**DATA RECORDS**
(* Let $E/F$ be a quadratic extension of fields of characteristic $0$, $\beta\in\mathrm{GL}_n(E)$ skew-Hermitian, and $\zeta\in\mathrm{GL}_n(E)$ normal with respect to $\beta$ such that $\beta^{-1}\zeta^*\beta\zeta$ is regular semisimple. Then $T_\zeta=\{(g,h)\in\mathrm{U}_n^\beta(F)\times\mathrm{U}_n^\beta(F):g^{-1}\zeta h=\zeta\}$ is contained in the diagonal $\{(h,h):h\in\mathrm{U}_n^\beta(F)\}$; thus $T_\zeta$ identifies with the centralizer of $\zeta$ in $\mathrm{U}_n^\beta(F)$.
   Context: $g^*={}^t\bar g$ where $\bar{\ }$ is the nontrivial automorphism of $E/F$; $\beta$ skew-Hermitian means $\beta^*=-\beta$; $\mathrm{U}_n^\beta(F)=\{h\in\mathrm{GL}_n(E):h^*\beta h=\beta\}$. $\zeta$ is normal with respect to $\beta$ if $\zeta$ commutes with $\beta^{-1}\zeta^*\beta\zeta$. *)

theory Defs
  imports "Jordan_Normal_Form.Char_Poly" "Jordan_Normal_Form.Gauss_Jordan_Elimination"
begin

text \<open>The nontrivial automorphism of a quadratic extension E/F: a field involution
  sigma of E different from the identity; F is then its fixed field.\<close>
definition quad_conj :: "('e::field \<Rightarrow> 'e) \<Rightarrow> bool" where
  "quad_conj s \<longleftrightarrow> (\<forall>x y. s (x + y) = s x + s y) \<and> (\<forall>x y. s (x * y) = s x * s y)
     \<and> s 1 = 1 \<and> (\<forall>x. s (s x) = x) \<and> (\<exists>x. s x \<noteq> x)"

definition fixed_field :: "('e \<Rightarrow> 'e) \<Rightarrow> 'e set" where
  "fixed_field s = {x. s x = x}"

definition GL :: "nat \<Rightarrow> 'e::field mat set" where
  "GL n = {A. A \<in> carrier_mat n n \<and> invertible_mat A}"

definition minv :: "'e::field mat \<Rightarrow> 'e mat" where
  "minv A = the (mat_inverse A)"

definition star :: "('e \<Rightarrow> 'e) \<Rightarrow> 'e mat \<Rightarrow> 'e mat" where
  "star s g = transpose_mat (map_mat s g)"

definition skew_hermitian :: "('e::field \<Rightarrow> 'e) \<Rightarrow> 'e mat \<Rightarrow> bool" where
  "skew_hermitian s b \<longleftrightarrow> star s b = - b"

definition unitary_grp :: "('e::field \<Rightarrow> 'e) \<Rightarrow> nat \<Rightarrow> 'e mat \<Rightarrow> 'e mat set" where
  "unitary_grp s n b = {h \<in> GL n. star s h * b * h = b}"

definition normal_wrt :: "('e::field \<Rightarrow> 'e) \<Rightarrow> 'e mat \<Rightarrow> 'e mat \<Rightarrow> bool" where
  "normal_wrt s b z \<longleftrightarrow>
     (let m = minv b * star s z * b * z in z * m = m * z)"

text \<open>Regular semisimple element of GL_n(E): the characteristic polynomial is
  separable (distinct eigenvalues over an algebraic closure).\<close>
definition regular_semisimple :: "'e::field mat \<Rightarrow> bool" where
  "regular_semisimple A \<longleftrightarrow> coprime (char_poly A) (pderiv (char_poly A))"

definition T_set :: "('e::field \<Rightarrow> 'e) \<Rightarrow> nat \<Rightarrow> 'e mat \<Rightarrow> 'e mat \<Rightarrow> ('e mat \<times> 'e mat) set" where
  "T_set s n b z = {(g, h). g \<in> unitary_grp s n b \<and> h \<in> unitary_grp s n b \<and> minv g * z * h = z}"

end

(* If g^-1 zeta h = zeta, i.e. zeta h = g zeta, then unitarity of g and h shows that h preserves
   the form zeta^* beta zeta, so h commutes with m = beta^-1 zeta^* beta zeta.  Normality says that
   zeta commutes with m too.  Over an algebraic closure the regular semisimple m is diagonalizable
   with pairwise distinct eigenvalues, and in that eigenbasis everything commuting with m is
   diagonal; so the centralizer of m is commutative.  Hence h commutes with zeta and
   g = zeta h zeta^-1 = h. *)

theory Submission
  imports Defs "HOL-Algebra.Algebraic_Closure_Type"
begin

lemma coprime_poly_bezout:
  fixes p q :: "'a::field poly"
  assumes cop: "coprime p q"
  obtains x y where "x * p + y * q = 1"
proof -
  define I where "I = {x * p + y * q | x y. True}"
  have closed: "u * p + v * q \<in> I" for u v unfolding I_def by blast
  have "p \<noteq> 0 \<or> q \<noteq> 0"
    using cop by auto
  then obtain r0 where "r0 \<in> I - {0}"
    using closed[of 1 0] closed[of 0 1] by auto
  then obtain r where r: "r \<in> I - {0}"
    and min: "\<And>s. s \<in> I - {0} \<Longrightarrow> Polynomial.degree r \<le> Polynomial.degree s"
    using ex_has_least_nat[of "\<lambda>r. r \<in> I - {0}" r0 Polynomial.degree] by blast
  obtain a b where rab: "r = a * p + b * q" using r unfolding I_def by blast
  have dvd_I: "r dvd z" if "z \<in> I" for z
  proof (rule ccontr)
    assume "\<not> r dvd z"
    hence nz: "z mod r \<noteq> 0" by (simp add: mod_eq_0_iff_dvd)
    obtain u v where z: "z = u * p + v * q" using \<open>z \<in> I\<close> unfolding I_def by blast
    have "z mod r = (u - z div r * a) * p + (v - z div r * b) * q"
      unfolding minus_div_mult_eq_mod[symmetric] z rab by (simp add: algebra_simps)
    hence "Polynomial.degree r \<le> Polynomial.degree (z mod r)" using nz closed by (intro min) auto
    moreover have "Polynomial.degree (z mod r) < Polynomial.degree r"
      using degree_mod_less[of r z] r nz by auto
    ultimately show False by simp
  qed
  have "r dvd p" "r dvd q"
    using dvd_I[OF closed[of 1 0]] dvd_I[OF closed[of 0 1]] by simp_all
  hence "is_unit r"
    using cop coprime_common_divisor by blast
  then obtain k where "1 = r * k" by (rule dvdE)
  hence "(k * a) * p + (k * b) * q = 1" unfolding rab by (simp add: algebra_simps)
  thus thesis by (rule that)
qed

lemma (in field_hom) coprime_map_poly:
  assumes "coprime p q"
  shows "coprime (map_poly hom p) (map_poly hom q)"
proof -
  interpret map_poly_hom: map_poly_comm_ring_hom hom ..
  obtain x y where "x * p + y * q = 1"
    using coprime_poly_bezout[OF assms] .
  from arg_cong[OF this, of "map_poly hom"]
  have "map_poly hom x * map_poly hom p + map_poly hom y * map_poly hom q = 1"
    by (simp add: map_poly_hom.hom_add map_poly_hom.hom_mult)
  thus ?thesis
    by (metis coprimeI dvd_add dvd_mult)
qed

lemma rsquarefree_map_poly:
  fixes hom :: "'a::field \<Rightarrow> 'b::field_char_0"
  assumes "field_hom hom" and "coprime p (pderiv p)"
  shows "rsquarefree (map_poly hom p)"
  using coprime_poly_0[OF field_hom.coprime_map_poly[OF assms]]
  by (simp add: rsquarefree_roots idom_hom.map_poly_pderiv[OF field_hom.axioms(1), OF assms(1)])

lemma rsquarefree_distinct_roots:
  fixes p :: "'a::alg_closed_field poly"
  assumes sf: "rsquarefree p"
  obtains rs where "distinct rs" "length rs = Polynomial.degree p" "set rs = {x. poly p x = 0}"
proof -
  have p0: "p \<noteq> 0" using sf unfolding rsquarefree_def by simp
  obtain M where size: "size M = Polynomial.degree p"
    and p: "p = Polynomial.smult (Polynomial.lead_coeff p) (\<Prod>x\<in>#M. [:-x, 1:])"
    using alg_closed_imp_factorization[OF p0] by blast
  have "proots (\<Prod>x\<in>#M. [:-x, 1:]) = M" for M :: "'a multiset"
  proof (induction M)
    case (add x M)
    have "proots ([:-x, 1:] * (\<Prod>x\<in>#M. [:-x, 1:])) = add_mset x M"
      by (subst proots_mult) (auto simp: add.IH)
    thus ?case by simp
  qed simp
  hence M: "proots p = M"
    using p0 by (subst p) simp
  obtain rs where rs: "mset rs = proots p"
    using ex_mset by blast
  have "\<forall>x. count (proots p) x \<le> 1"
    using sf by (simp add: rsquarefree_def')
  hence "distinct rs"
    unfolding distinct_count_atmost_1 rs
    by (metis One_nat_def count_eq_zero_iff le_SucE le_zero_eq rs set_mset_mset)
  moreover have "length rs = Polynomial.degree p"
    using rs M size by (metis size_mset)
  moreover have "set rs = {x. poly p x = 0}"
    using rs p0 by (metis set_count_proots set_mset_mset)
  ultimately show thesis
    by (rule that)
qed

lemma mult_eigenvector_mat:
  fixes A :: "'a::field mat" and v :: "nat \<Rightarrow> 'a vec"
  assumes A: "A \<in> carrier_mat n n" and ev: "\<And>j. j < n \<Longrightarrow> eigenvector A (v j) (e j)"
  shows "A * mat n n (\<lambda>(i, j). v j $ i) = mat n n (\<lambda>(i, j). v j $ i) * mat_diag n e"
    (is "A * ?V = ?V * _")
proof (rule eq_matI)
  have V: "?V \<in> carrier_mat n n" by simp
  fix i j assume "i < dim_row (?V * mat_diag n e)" "j < dim_col (?V * mat_diag n e)"
  hence i: "i < n" and j: "j < n" by (auto simp: mat_diag_def)
  have v: "v j \<in> carrier_vec n" "A *\<^sub>v v j = e j \<cdot>\<^sub>v v j"
    using ev[OF j] A unfolding eigenvector_def by auto
  have "col ?V j = v j"
    using v(1) j by (auto intro!: eq_vecI)
  hence "(A * ?V) $$ (i, j) = (A *\<^sub>v v j) $ i"
    using A i j by simp
  thus "(A * ?V) $$ (i, j) = (?V * mat_diag n e) $$ (i, j)"
    using v i j by (simp add: mat_diag_mult_right[OF V])
qed (use A in \<open>auto simp: mat_diag_def\<close>)

lemma foldr_shift_mult_eigenvector_mat:
  fixes A :: "'a::field mat" and v :: "nat \<Rightarrow> 'a vec"
  assumes A: "A \<in> carrier_mat n n" and ev: "\<And>j. j < n \<Longrightarrow> eigenvector A (v j) (e j)"
  defines "V \<equiv> mat n n (\<lambda>(i, j). v j $ i)"
  shows "foldr (\<lambda>c M. (A - c \<cdot>\<^sub>m 1\<^sub>m n) * M) cs (1\<^sub>m n) \<in> carrier_mat n n \<and>
    foldr (\<lambda>c M. (A - c \<cdot>\<^sub>m 1\<^sub>m n) * M) cs (1\<^sub>m n) * V =
      V * mat_diag n (\<lambda>j. \<Prod>c\<leftarrow>cs. e j - c)"
proof (induction cs)
  case Nil
  have "V \<in> carrier_mat n n" unfolding V_def by simp
  then show ?case by (simp add: mat_diag_one)
next
  case (Cons c cs)
  let ?P = "foldr (\<lambda>c M. (A - c \<cdot>\<^sub>m 1\<^sub>m n) * M) cs (1\<^sub>m n)" and ?M = "A - c \<cdot>\<^sub>m 1\<^sub>m n"
  note assoc = assoc_mult_mat[of _ n n _ n _ n]
  have V: "V \<in> carrier_mat n n" unfolding V_def by simp
  have M: "?M \<in> carrier_mat n n" using A by (intro minus_carrier_mat) auto
  have AV: "A * V = V * mat_diag n e"
    unfolding V_def by (rule mult_eigenvector_mat[OF A ev])
  have shift: "?M * V = V * mat_diag n (\<lambda>j. e j - c)"
  proof -
    have "?M * V = V * mat_diag n e - c \<cdot>\<^sub>m V"
      using A V by (simp add: AV minus_mult_distrib_mat[of _ n n] mult_smult_assoc_mat[of _ n n])
    also have "\<dots> = V * mat_diag n (\<lambda>j. e j - c)"
      using V by (auto simp: mat_diag_mult_right algebra_simps intro!: eq_matI)
    finally show ?thesis .
  qed
  have "?M * ?P * V = ?M * (?P * V)"
    using M Cons.IH V by (simp add: assoc)
  also have "\<dots> = V * mat_diag n (\<lambda>j. \<Prod>c\<leftarrow>c # cs. e j - c)"
    using Cons.IH M V by (simp add: shift assoc[symmetric] assoc_mult_mat[of V n n _ n _ n])
  finally show ?case using M Cons.IH by simp
qed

**WHAT TO DO**
Find where the line with "A \<longleftrightarrow> coprime" sits in the material above, then copy exactly from it through the line with "(simp add: mod_eq_0_iff_dvd)". Add no other line.

**OUTPUT OF THE TASK**
  "regular_semisimple A \<longleftrightarrow> coprime (char_poly A) (pderiv (char_poly A))"

definition T_set :: "('e::field \<Rightarrow> 'e) \<Rightarrow> nat \<Rightarrow> 'e mat \<Rightarrow> 'e mat \<Rightarrow> ('e mat \<times> 'e mat) set" where
  "T_set s n b z = {(g, h). g \<in> unitary_grp s n b \<and> h \<in> unitary_grp s n b \<and> minv g * z * h = z}"

end

(* If g^-1 zeta h = zeta, i.e. zeta h = g zeta, then unitarity of g and h shows that h preserves
   the form zeta^* beta zeta, so h commutes with m = beta^-1 zeta^* beta zeta.  Normality says that
   zeta commutes with m too.  Over an algebraic closure the regular semisimple m is diagonalizable
   with pairwise distinct eigenvalues, and in that eigenbasis everything commuting with m is
   diagonal; so the centralizer of m is commutative.  Hence h commutes with zeta and
   g = zeta h zeta^-1 = h. *)

theory Submission
  imports Defs "HOL-Algebra.Algebraic_Closure_Type"
begin

lemma coprime_poly_bezout:
  fixes p q :: "'a::field poly"
  assumes cop: "coprime p q"
  obtains x y where "x * p + y * q = 1"
proof -
  define I where "I = {x * p + y * q | x y. True}"
  have closed: "u * p + v * q \<in> I" for u v unfolding I_def by blast
  have "p \<noteq> 0 \<or> q \<noteq> 0"
    using cop by auto
  then obtain r0 where "r0 \<in> I - {0}"
    using closed[of 1 0] closed[of 0 1] by auto
  then obtain r where r: "r \<in> I - {0}"
    and min: "\<And>s. s \<in> I - {0} \<Longrightarrow> Polynomial.degree r \<le> Polynomial.degree s"
    using ex_has_least_nat[of "\<lambda>r. r \<in> I - {0}" r0 Polynomial.degree] by blast
  obtain a b where rab: "r = a * p + b * q" using r unfolding I_def by blast
  have dvd_I: "r dvd z" if "z \<in> I" for z
  proof (rule ccontr)
    assume "\<not> r dvd z"
    hence nz: "z mod r \<noteq> 0" by (simp add: mod_eq_0_iff_dvd)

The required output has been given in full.